Content starts
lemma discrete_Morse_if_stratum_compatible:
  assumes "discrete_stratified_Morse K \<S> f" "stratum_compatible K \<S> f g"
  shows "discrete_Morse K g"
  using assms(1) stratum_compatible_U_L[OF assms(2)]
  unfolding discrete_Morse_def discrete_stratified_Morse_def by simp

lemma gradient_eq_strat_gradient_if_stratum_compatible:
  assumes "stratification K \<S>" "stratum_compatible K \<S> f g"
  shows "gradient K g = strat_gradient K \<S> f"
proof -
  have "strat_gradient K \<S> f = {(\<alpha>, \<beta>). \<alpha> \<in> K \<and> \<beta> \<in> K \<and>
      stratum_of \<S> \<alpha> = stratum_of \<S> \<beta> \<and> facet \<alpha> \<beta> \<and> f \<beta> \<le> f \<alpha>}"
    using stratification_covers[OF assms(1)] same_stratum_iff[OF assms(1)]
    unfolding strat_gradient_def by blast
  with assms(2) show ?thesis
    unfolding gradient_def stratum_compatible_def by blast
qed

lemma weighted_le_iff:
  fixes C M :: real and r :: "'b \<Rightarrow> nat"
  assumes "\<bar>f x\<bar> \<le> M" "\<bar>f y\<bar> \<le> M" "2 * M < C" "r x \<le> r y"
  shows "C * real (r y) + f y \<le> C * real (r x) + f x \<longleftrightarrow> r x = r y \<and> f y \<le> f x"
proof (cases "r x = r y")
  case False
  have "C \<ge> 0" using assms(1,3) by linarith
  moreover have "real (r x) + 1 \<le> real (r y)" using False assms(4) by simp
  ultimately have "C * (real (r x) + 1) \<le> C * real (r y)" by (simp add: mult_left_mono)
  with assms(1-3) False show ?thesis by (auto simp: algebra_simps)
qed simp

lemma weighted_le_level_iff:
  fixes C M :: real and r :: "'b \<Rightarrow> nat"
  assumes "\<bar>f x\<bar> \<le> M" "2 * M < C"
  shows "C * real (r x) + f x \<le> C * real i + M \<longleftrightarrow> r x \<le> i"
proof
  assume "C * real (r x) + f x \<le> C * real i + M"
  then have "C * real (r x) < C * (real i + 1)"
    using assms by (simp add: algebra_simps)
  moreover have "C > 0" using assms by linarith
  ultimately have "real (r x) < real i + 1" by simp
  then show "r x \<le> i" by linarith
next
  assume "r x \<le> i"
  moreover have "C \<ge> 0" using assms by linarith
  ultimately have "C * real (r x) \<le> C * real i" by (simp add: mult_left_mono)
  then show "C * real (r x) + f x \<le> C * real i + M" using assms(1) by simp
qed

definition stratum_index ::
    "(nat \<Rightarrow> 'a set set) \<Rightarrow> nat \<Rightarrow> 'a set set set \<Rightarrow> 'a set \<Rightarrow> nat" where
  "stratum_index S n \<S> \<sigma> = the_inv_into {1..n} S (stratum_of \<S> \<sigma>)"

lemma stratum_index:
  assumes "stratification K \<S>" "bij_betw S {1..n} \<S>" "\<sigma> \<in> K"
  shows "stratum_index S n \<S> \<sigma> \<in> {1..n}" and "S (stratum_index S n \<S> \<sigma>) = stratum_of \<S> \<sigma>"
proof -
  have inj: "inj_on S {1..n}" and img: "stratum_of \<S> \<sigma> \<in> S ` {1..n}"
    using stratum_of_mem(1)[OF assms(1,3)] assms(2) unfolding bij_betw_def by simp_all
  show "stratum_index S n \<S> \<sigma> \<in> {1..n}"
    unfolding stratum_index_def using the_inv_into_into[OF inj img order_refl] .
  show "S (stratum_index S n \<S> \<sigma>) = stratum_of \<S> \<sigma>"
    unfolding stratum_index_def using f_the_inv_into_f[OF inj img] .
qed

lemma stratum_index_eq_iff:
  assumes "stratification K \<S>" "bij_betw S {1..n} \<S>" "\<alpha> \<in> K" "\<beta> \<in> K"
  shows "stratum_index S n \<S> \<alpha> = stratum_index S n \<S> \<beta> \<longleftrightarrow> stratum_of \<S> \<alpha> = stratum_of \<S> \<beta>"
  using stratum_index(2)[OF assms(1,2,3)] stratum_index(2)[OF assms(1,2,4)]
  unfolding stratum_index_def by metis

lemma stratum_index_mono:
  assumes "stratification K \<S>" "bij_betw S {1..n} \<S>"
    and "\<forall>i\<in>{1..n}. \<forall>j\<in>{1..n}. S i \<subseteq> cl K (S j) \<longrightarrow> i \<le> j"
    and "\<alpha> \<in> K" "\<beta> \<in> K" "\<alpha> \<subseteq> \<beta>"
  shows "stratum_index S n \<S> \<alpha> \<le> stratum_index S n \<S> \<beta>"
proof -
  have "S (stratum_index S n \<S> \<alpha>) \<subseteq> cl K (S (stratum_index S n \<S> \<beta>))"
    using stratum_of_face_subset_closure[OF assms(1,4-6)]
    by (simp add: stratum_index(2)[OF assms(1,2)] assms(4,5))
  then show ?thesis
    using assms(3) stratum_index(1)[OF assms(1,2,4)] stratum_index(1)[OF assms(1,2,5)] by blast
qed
Content ends
» **WHAT YOU NEED TO DO**: Repeat the data above, word for word.

» **OUTPUT OF THE EXERCISE**:
lemma discrete_Morse_if_stratum_compatible:
  assumes "discrete_stratified_Morse K \<S> f" "stratum_compatible K \<S> f g"
  shows "discrete_Morse K g"
  using assms(1) stratum_compatible_U_L[OF assms(2)]
  unfolding discrete_Morse_def discrete_stratified_Morse_def by simp

lemma gradient_eq_strat_gradient_if_stratum_compatible:
  assumes "stratification K \<S>" "stratum_compatible K \<S> f g"
  shows "gradient K g = strat_gradient K \<S> f"
proof -
  have "strat_gradient K \<S> f = {(\<alpha>, \<beta>). \<alpha> \<in> K \<and> \<beta> \<in> K \<and>
      stratum_of \<S> \<alpha> = stratum_of \<S> \<beta> \<and> facet \<alpha> \<beta> \<and> f \<beta> \<le> f \<alpha>}"
    using stratification_covers[OF assms(1)] same_stratum_iff[OF assms(1)]
    unfolding strat_gradient_def by blast
  with assms(2) show ?thesis
    unfolding gradient_def stratum_compatible_def by blast
qed

lemma weighted_le_iff:
  fixes C M :: real and r :: "'b \<Rightarrow> nat"
  assumes "\<bar>f x\<bar> \<le> M" "\<bar>f y\<bar> \<le> M" "2 * M < C" "r x \<le> r y"
  shows "C * real (r y) + f y \<le> C * real (r x) + f x \<longleftrightarrow> r x = r y \<and> f y \<le> f x"
proof (cases "r x = r y")
  case False
  have "C \<ge> 0" using assms(1,3) by linarith
  moreover have "real (r x) + 1 \<le> real (r y)" using False assms(4) by simp
  ultimately have "C * (real (r x) + 1) \<le> C * real (r y)" by (simp add: mult_left_mono)
  with assms(1-3) False show ?thesis by (auto simp: algebra_simps)
qed simp

lemma weighted_le_level_iff:
  fixes C M :: real and r :: "'b \<Rightarrow> nat"
  assumes "\<bar>f x\<bar> \<le> M" "2 * M < C"
  shows "C * real (r x) + f x \<le> C * real i + M \<longleftrightarrow> r x \<le> i"
proof
  assume "C * real (r x) + f x \<le> C * real i + M"
  then have "C * real (r x) < C * (real i + 1)"
    using assms by (simp add: algebra_simps)
  moreover have "C > 0" using assms by linarith
  ultimately have "real (r x) < real i + 1" by simp
  then show "r x \<le> i" by linarith
next
  assume "r x \<le> i"
  moreover have "C \<ge> 0" using assms by linarith
  ultimately have "C * real (r x) \<le> C * real i" by (simp add: mult_left_mono)
  then show "C * real (r x) + f x \<le> C * real i + M" using assms(1) by simp
qed

definition stratum_index ::
    "(nat \<Rightarrow> 'a set set) \<Rightarrow> nat \<Rightarrow> 'a set set set \<Rightarrow> 'a set \<Rightarrow> nat" where
  "stratum_index S n \<S> \<sigma> = the_inv_into {1..n} S (stratum_of \<S> \<sigma>)"

lemma stratum_index:
  assumes "stratification K \<S>" "bij_betw S {1..n} \<S>" "\<sigma> \<in> K"
  shows "stratum_index S n \<S> \<sigma> \<in> {1..n}" and "S (stratum_index S n \<S> \<sigma>) = stratum_of \<S> \<sigma>"
proof -
  have inj: "inj_on S {1..n}" and img: "stratum_of \<S> \<sigma> \<in> S ` {1..n}"
    using stratum_of_mem(1)[OF assms(1,3)] assms(2) unfolding bij_betw_def by simp_all
  show "stratum_index S n \<S> \<sigma> \<in> {1..n}"
    unfolding stratum_index_def using the_inv_into_into[OF inj img order_refl] .
  show "S (stratum_index S n \<S> \<sigma>) = stratum_of \<S> \<sigma>"
    unfolding stratum_index_def using f_the_inv_into_f[OF inj img] .
qed

lemma stratum_index_eq_iff:
  assumes "stratification K \<S>" "bij_betw S {1..n} \<S>" "\<alpha> \<in> K" "\<beta> \<in> K"
  shows "stratum_index S n \<S> \<alpha> = stratum_index S n \<S> \<beta> \<longleftrightarrow> stratum_of \<S> \<alpha> = stratum_of \<S> \<beta>"
  using stratum_index(2)[OF assms(1,2,3)] stratum_index(2)[OF assms(1,2,4)]
  unfolding stratum_index_def by metis

lemma stratum_index_mono:
  assumes "stratification K \<S>" "bij_betw S {1..n} \<S>"
    and "\<forall>i\<in>{1..n}. \<forall>j\<in>{1..n}. S i \<subseteq> cl K (S j) \<longrightarrow> i \<le> j"
    and "\<alpha> \<in> K" "\<beta> \<in> K" "\<alpha> \<subseteq> \<beta>"
  shows "stratum_index S n \<S> \<alpha> \<le> stratum_index S n \<S> \<beta>"
proof -
  have "S (stratum_index S n \<S> \<alpha>) \<subseteq> cl K (S (stratum_index S n \<S> \<beta>))"
    using stratum_of_face_subset_closure[OF assms(1,4-6)]
    by (simp add: stratum_index(2)[OF assms(1,2)] assms(4,5))
  then show ?thesis
    using assms(3) stratum_index(1)[OF assms(1,2,4)] stratum_index(1)[OF assms(1,2,5)] by blast
qed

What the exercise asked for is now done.